Tim Fist, Lennart Heim, and others at the Centre for the Governance of AI have developed compute-governance frameworks proposing hardware-enabled mechanisms for tracking and limiting frontier-scale runs.
The political economy of compute connects AI ethics to industrial policy, sanctions, and the geopolitics of semiconductor manufacturing centered on TSMC in Taiwan.
Race dynamics and competitive pressure
A persistent theme in AI ethics is whether competitive pressure between firms and between nations will erode safety commitments.
Allan Dafoe’s work at the Centre for the Governance of AI (formerly at Oxford, now in Berkeley) has analyzed race-to-the-bottom dynamics.
Markus Anderljung and colleagues’ work on Frontier AI Regulation (2023) develops policy frameworks specifically aimed at frontier model risk.
The departures from OpenAI in 2023 to 2024 of Dario and Daniela Amodei (who founded Anthropic in 2021), Jan Leike, Ilya Sutskever (who founded Safe Superintelligence Inc. in June 2024), and others have been interpreted as evidence of internal disagreements over the prioritization of safety relative to capabilities.
Anthropic’s Responsible Scaling Policy, OpenAI’s Preparedness Framework, and Google DeepMind’s Frontier Safety Framework establish formal capability thresholds at which additional safeguards apply.
Whether these commitments will hold under commercial pressure, and whether they are sufficient given the pace of capability gain, remains contested.

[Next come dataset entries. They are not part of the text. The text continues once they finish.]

(* Let $G$ be a group and $A_0\subseteq\operatorname{Aut}(G)$ a subgroup such that $G$ is an $\mathcal{L}(A_0)$-equational domain. Let $I$ be a set and $H=\prod_{i\in I}G$ the direct power of $G$, whose elements are tuples $(g_i\mid i\in I)$. Let $\mathcal{P}$ be a set of permutations of $I$ that is transitive on $I$ (for all $i,j\in I$ there is $\pi\in\mathcal{P}$ with $\pi(i)=j$). For $\phi\in A_0$ and $\pi\in\mathcal{P}$ define automorphisms of $H$ by $f_\phi((g_i\mid i\in I))=(\phi(g_i)\mid i\in I)$ and $\sigma_\pi((g_i\mid i\in I))=(g_{\pi(i)}\mid i\in I)$, and let $A\subseteq\operatorname{Aut}(H)$ be the group generated by $\{f_\phi,\sigma_\pi\mid\phi\in A_0,\pi\in\mathcal{P}\}$. Then $H$ is an $\mathcal{L}(A)$-equational domain.
   Context: For a group $K$ and a subgroup $B\subseteq\operatorname{Aut}(K)$, $\mathcal{L}(B)=\{\cdot,{}^{-1},1\}\cup\{\psi\mid\psi\in B\}$ is the group language with a unary function symbol for each $\psi\in B$, interpreted as $\psi$. $\mathcal{L}(B)$-equations are $t(X)=1$ with $t$ an $\mathcal{L}(B)$-term (equivalently a product $\psi_1(x_{i_1}^{\varepsilon_1})\cdots\psi_k(x_{i_k}^{\varepsilon_k})$, $\psi_j\in B$, $\varepsilon_j=\pm1$); systems are arbitrary sets of equations and $V_K(S)$ is the solution set in $K^n$. A subset of $K^n$ is $\mathcal{L}(B)$-algebraic if it equals $V_K(S)$ for some $\mathcal{L}(B)$-system $S$ in $n$ variables. $K$ is an $\mathcal{L}(B)$-equational domain if for every $n$ the union of any two $\mathcal{L}(B)$-algebraic subsets of $K^n$ is $\mathcal{L}(B)$-algebraic. *)

theory Defs
  imports "HOL-Algebra.Algebra"
begin
(* Let $B=\bigoplus_{i\in\mathbb{Z}}B_i$ be a $\mathbb{Z}$-graded noetherian normal integral domain of characteristic zero with $e(B)=1$. For each $d\in\Pi^*(B)$ such that $d$ is a unit of $B$: (a) every derivation $\delta:B^{(d)}\to B^{(d)}$ extends uniquely to a derivation $D:B\to B$; (b) every locally nilpotent derivation $\delta:B^{(d)}\to B^{(d)}$ extends uniquely to a locally nilpotent derivation $D:B\to B$.
   Context: $B^{(d)}=\bigoplus_{i\in\mathbb{Z}}B_{di}$. Derivations are not assumed homogeneous. For a $\mathbb{Z}$-graded domain $C$, $e(C)=\gcd\{i\in\mathbb{Z}:C_i\neq0\}$. $\Pi(B)$ is the set of prime numbers $p$ such that $p\mid e(B/\mathfrak{p})$ for some homogeneous prime ideal $\mathfrak{p}$ of $B$ of height $1$; $\Pi^*(B)$ is the set of positive integers $d$ not divisible by any element of $\Pi(B)$. *)

theory Defs
  imports "HOL-Computational_Algebra.Computational_Algebra" "HOL-Library.Extended_Nat"
begin

definition is_ideal :: "'a::comm_ring_1 set \<Rightarrow> bool" where
  "is_ideal I \<longleftrightarrow> 0 \<in> I \<and> (\<forall>x\<in>I. \<forall>y\<in>I. x + y \<in> I) \<and> (\<forall>x\<in>I. - x \<in> I)
     \<and> (\<forall>r x. x \<in> I \<longrightarrow> r * x \<in> I)"

definition prime_ideal :: "'a::comm_ring_1 set \<Rightarrow> bool" where
  "prime_ideal P \<longleftrightarrow> is_ideal P \<and> P \<noteq> UNIV \<and> (\<forall>a b. a * b \<in> P \<longrightarrow> a \<in> P \<or> b \<in> P)"

definition gen_ideal :: "'a::comm_ring_1 set \<Rightarrow> 'a set" where
  "gen_ideal S = {\<Sum>s\<in>S. r s * s | r. True}"

definition noetherian :: "'a::comm_ring_1 itself \<Rightarrow> bool" where
  "noetherian _ \<longleftrightarrow> (\<forall>I::'a set. is_ideal I \<longrightarrow> (\<exists>S. finite S \<and> S \<subseteq> I \<and> I = gen_ideal S))"

definition height :: "'a::comm_ring_1 set \<Rightarrow> enat" where
  "height P = Sup {enat n | n. \<exists>q :: nat \<Rightarrow> 'a set. (\<forall>i\<le>n. prime_ideal (q i))
        \<and> (\<forall>i<n. q i \<subset> q (Suc i)) \<and> q n = P}"

definition integral_over :: "'a::idom fract \<Rightarrow> bool" where
  "integral_over x \<longleftrightarrow> (\<exists>p :: 'a poly. lead_coeff p = 1 \<and> poly (map_poly to_fract p) x = 0)"

definition normal_domain :: "'a::idom itself \<Rightarrow> bool" where
  "normal_domain _ \<longleftrightarrow> (\<forall>x :: 'a fract. integral_over x \<longrightarrow> x \<in> range to_fract)"

definition decomp :: "(int \<Rightarrow> 'a::comm_ring_1 set) \<Rightarrow> 'a \<Rightarrow> (int \<Rightarrow> 'a) \<Rightarrow> bool" where
  "decomp G x c \<longleftrightarrow> finite {i. c i \<noteq> 0} \<and> (\<forall>i. c i \<in> G i) \<and> x = (\<Sum>i\<in>{i. c i \<noteq> 0}. c i)"

definition Z_graded :: "(int \<Rightarrow> 'a::comm_ring_1 set) \<Rightarrow> bool" where
  "Z_graded G \<longleftrightarrow>
     (\<forall>i. 0 \<in> G i \<and> (\<forall>x\<in>G i. \<forall>y\<in>G i. x + y \<in> G i) \<and> (\<forall>x\<in>G i. - x \<in> G i))
   \<and> (\<forall>i j. \<forall>x\<in>G i. \<forall>y\<in>G j. x * y \<in> G (i + j))
   \<and> (\<forall>x. \<exists>!c. decomp G x c)"

definition veronese :: "(int \<Rightarrow> 'a::comm_ring_1 set) \<Rightarrow> nat \<Rightarrow> 'a set" where
  "veronese G d = {x. \<exists>c. decomp G x c \<and> (\<forall>i. \<not> int d dvd i \<longrightarrow> c i = 0)}"

definition e_deg :: "(int \<Rightarrow> 'a::comm_ring_1 set) \<Rightarrow> int" where
  "e_deg G = Gcd {i. G i \<noteq> {0}}"

text \<open>For a homogeneous prime P, (B/P)_i = B_i/(P \<inter> B_i), which is nonzero iff B_i is not contained
  in P; hence e(B/P) = gcd of those i.\<close>
definition e_quot :: "(int \<Rightarrow> 'a::comm_ring_1 set) \<Rightarrow> 'a set \<Rightarrow> int" where
  "e_quot G P = Gcd {i. \<not> G i \<subseteq> P}"

definition homogeneous_ideal :: "(int \<Rightarrow> 'a::comm_ring_1 set) \<Rightarrow> 'a set \<Rightarrow> bool" where
  "homogeneous_ideal G I \<longleftrightarrow> is_ideal I \<and> (\<forall>x\<in>I. \<forall>c. decomp G x c \<longrightarrow> (\<forall>i. c i \<in> I))"

definition Pi_set :: "(int \<Rightarrow> 'a::comm_ring_1 set) \<Rightarrow> nat set" where
  "Pi_set G = {p. prime p \<and> (\<exists>P. homogeneous_ideal G P \<and> prime_ideal P \<and> height P = 1
                                 \<and> int p dvd e_quot G P)}"

definition Pi_star :: "(int \<Rightarrow> 'a::comm_ring_1 set) \<Rightarrow> nat set" where
  "Pi_star G = {d. d > 0 \<and> (\<forall>p\<in>Pi_set G. \<not> p dvd d)}"

definition derivation_on :: "'a::comm_ring_1 set \<Rightarrow> ('a \<Rightarrow> 'a) \<Rightarrow> bool" where
  "derivation_on A \<delta> \<longleftrightarrow> (\<forall>x\<in>A. \<delta> x \<in> A)
     \<and> (\<forall>x\<in>A. \<forall>y\<in>A. \<delta> (x + y) = \<delta> x + \<delta> y \<and> \<delta> (x * y) = x * \<delta> y + y * \<delta> x)"

definition locally_nilpotent_on :: "'a::comm_ring_1 set \<Rightarrow> ('a \<Rightarrow> 'a) \<Rightarrow> bool" where
  "locally_nilpotent_on A \<delta> \<longleftrightarrow> (\<forall>x\<in>A. \<exists>n. (\<delta> ^^ n) x = 0)"

end

theory Submission
  imports Defs
begin

text \<open>For homogeneous \<open>x\<close> of degree \<open>i\<close> the power \<open>x\<^sup>d\<close> lies in \<open>B\<^sup>(\<^sup>d\<^sup>)\<close>, so an
  extension \<open>D\<close> of \<open>\<delta>\<close> must satisfy \<open>d x\<^sup>d\<^sup>-\<^sup>1 D x = \<delta> (x\<^sup>d)\<close>. This gives uniqueness, and
  existence as soon as \<open>x\<^sup>d\<^sup>-\<^sup>1\<close> divides \<open>\<delta> (x\<^sup>d)\<close>, since \<open>d\<close> is a unit. If it did not, an
  ideal \<open>(x\<^sup>d\<^sup>-\<^sup>1B : c)\<close> with homogeneous \<open>c\<close>, maximal among those containing every \<open>w\<^sup>d\<close> with
  \<open>deg w \<equiv> -i (mod d)\<close>, would be a homogeneous associated prime \<open>P\<close> of a principal ideal,
  hence of height one because \<open>B\<close> is noetherian and normal. As \<open>d \<in> \<Pi>\<^sup>*(B)\<close>, \<open>e(B/P)\<close> is
  prime to \<open>d\<close>, so some homogeneous \<open>w \<notin> P\<close> has degree \<open>\<equiv> -i (mod d)\<close>; but then \<open>w\<^sup>d \<in> P\<close>.
  Local nilpotency passes to \<open>D\<close> because the nilpotency degree of \<open>(D\<^sup>k x)\<^sup>d \<in> B\<^sup>(\<^sup>d\<^sup>)\<close>
  drops by exactly \<open>d\<close> from one \<open>k\<close> to the next.\<close>

lemma is_ideal_zero: "is_ideal I \<Longrightarrow> 0 \<in> I"
  unfolding is_ideal_def by blast

lemma is_ideal_add: "is_ideal I \<Longrightarrow> x \<in> I \<Longrightarrow> y \<in> I \<Longrightarrow> x + y \<in> I"
  unfolding is_ideal_def by blast

lemma is_ideal_uminus: "is_ideal I \<Longrightarrow> x \<in> I \<Longrightarrow> - x \<in> I"
  unfolding is_ideal_def by blast

lemma is_ideal_mult_left: "is_ideal I \<Longrightarrow> x \<in> I \<Longrightarrow> r * x \<in> I"
  unfolding is_ideal_def by blast

lemma is_ideal_mult_right: "is_ideal I \<Longrightarrow> x \<in> I \<Longrightarrow> x * r \<in> I"
  using is_ideal_mult_left[of I x r] by (simp add: mult.commute)

lemma is_ideal_diff: "is_ideal I \<Longrightarrow> x \<in> I \<Longrightarrow> y \<in> I \<Longrightarrow> x - y \<in> I"
  using is_ideal_add[of I x "- y"] is_ideal_uminus[of I y] by simp

lemma is_ideal_sum: "is_ideal I \<Longrightarrow> (\<And>s. s \<in> S \<Longrightarrow> f s \<in> I) \<Longrightarrow> sum f S \<in> I"
  by (induction S rule: infinite_finite_induct) (auto intro: is_ideal_zero is_ideal_add)

lemma is_ideal_dvd: "is_ideal I \<Longrightarrow> x \<in> I \<Longrightarrow> x dvd y \<Longrightarrow> y \<in> I"
  by (auto elim!: dvdE intro: is_ideal_mult_right)

lemma is_ideal_span: "is_ideal {\<Sum>k\<in>K. r k * b k | r. True}"
  unfolding is_ideal_def
proof (intro conjI ballI allI impI)
  show "0 \<in> {\<Sum>k\<in>K. r k * b k | r. True}"
    by (auto intro!: exI[of _ "\<lambda>_. 0"])
next
  fix x y assume "x \<in> {\<Sum>k\<in>K. r k * b k | r. True}" "y \<in> {\<Sum>k\<in>K. r k * b k | r. True}"
  then obtain r s where "x = (\<Sum>k\<in>K. r k * b k)" "y = (\<Sum>k\<in>K. s k * b k)" by blast
  then show "x + y \<in> {\<Sum>k\<in>K. r k * b k | r. True}"
    by (intro CollectI exI[of _ "\<lambda>k. r k + s k"]) (simp add: sum.distrib distrib_right)
next
  fix x assume "x \<in> {\<Sum>k\<in>K. r k * b k | r. True}"
  then obtain r where "x = (\<Sum>k\<in>K. r k * b k)" by blast
  then show "- x \<in> {\<Sum>k\<in>K. r k * b k | r. True}"
    by (intro CollectI exI[of _ "\<lambda>k. - r k"]) (simp add: sum_negf)
next
  fix a x assume "x \<in> {\<Sum>k\<in>K. r k * b k | r. True}"
  then obtain r where "x = (\<Sum>k\<in>K. r k * b k)" by blast
  then show "a * x \<in> {\<Sum>k\<in>K. r k * b k | r. True}"
    by (intro CollectI exI[of _ "\<lambda>k. a * r k"]) (simp add: sum_distrib_left mult.assoc)
qed

lemma gen_ideal_subset: "is_ideal I \<Longrightarrow> S \<subseteq> I \<Longrightarrow> gen_ideal S \<subseteq> I"
  unfolding gen_ideal_def by (auto intro!: is_ideal_sum is_ideal_mult_left)

lemma is_ideal_UN_chain:
  assumes ideal: "\<And>n. is_ideal (I n)" and chain: "\<And>n. I n \<subseteq> I (Suc n)"
  shows "is_ideal (\<Union>n. I n)"
  unfolding is_ideal_def
proof (intro conjI ballI allI impI)
  show "0 \<in> (\<Union>n. I n)" using is_ideal_zero[OF ideal] by blast
next
  fix x y assume "x \<in> (\<Union>n. I n)" "y \<in> (\<Union>n. I n)"
  then obtain m m' where "x \<in> I m" "y \<in> I m'" by blast
  then have "x \<in> I (max m m')" "y \<in> I (max m m')"
    using lift_Suc_mono_le[of I, OF chain, of m "max m m'"]
      lift_Suc_mono_le[of I, OF chain, of m' "max m m'"] by auto
  then show "x + y \<in> (\<Union>n. I n)" using is_ideal_add[OF ideal] by blast
next
  fix x assume "x \<in> (\<Union>n. I n)"
  then show "- x \<in> (\<Union>n. I n)" using is_ideal_uminus[OF ideal] by blast
next
  fix r x assume "x \<in> (\<Union>n. I n)"
  then show "r * x \<in> (\<Union>n. I n)" using is_ideal_mult_left[OF ideal] by blast
qed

Open-source and proliferation debates
The release of Meta’s Llama 2 in July 2023 with relatively permissive licensing, followed by Llama 3 in 2024 and other open-weight model families, sparked debate about the safety implications of releasing model weights.
Arguments for open release include the security benefits of broad scrutiny, the democratization of access, and the avoidance of single-firm monopolies.
Arguments against include the impossibility of revocation, the lowering of attack costs for malicious actors, and the loss of oversight points at deployment.
The Stanford-led Foundation Model Transparency Index (Bommasani, Klyman et al. 2023, 2024) ranks providers on disclosure practices.
The dual-use research debate, familiar from biology, has been imported into AI through discussions of dangerous-capability evaluations and structured disclosure.
The labor question
The labor implications of AI have moved from speculative to immediate.
Daron Acemoglu and Simon Johnson’s Power and Progress (2023) frames the question as one of distribution: who captures the productivity gains from automation.
David Autor’s work at MIT on task-based models of labor markets, and Erik Brynjolfsson and Andrew McAfee’s The Second Machine Age (2014) and Machine, Platform, Crowd (2017), shaped the early debate.
Empirical studies of LLM-driven productivity in software engineering (Cui et al. 2024 at Microsoft, Peng et al. 2023 on GitHub Copilot), customer service (Brynjolfsson, Li, Raymond 2023), and writing (Noy and Zhang 2023) document substantial productivity gains, often concentrated among lower-performing workers.
The 2023 Hollywood writers’ and actors’ strikes, and the resulting WGA and SAG-AFTRA contract provisions on AI, established the first major labor-contract treatment of generative AI.
The political-economic question of how the gains and risks of AI are distributed across capital, labor, and the public is at the heart of contemporary AI ethics in a way that purely individual-rights frameworks struggle to address.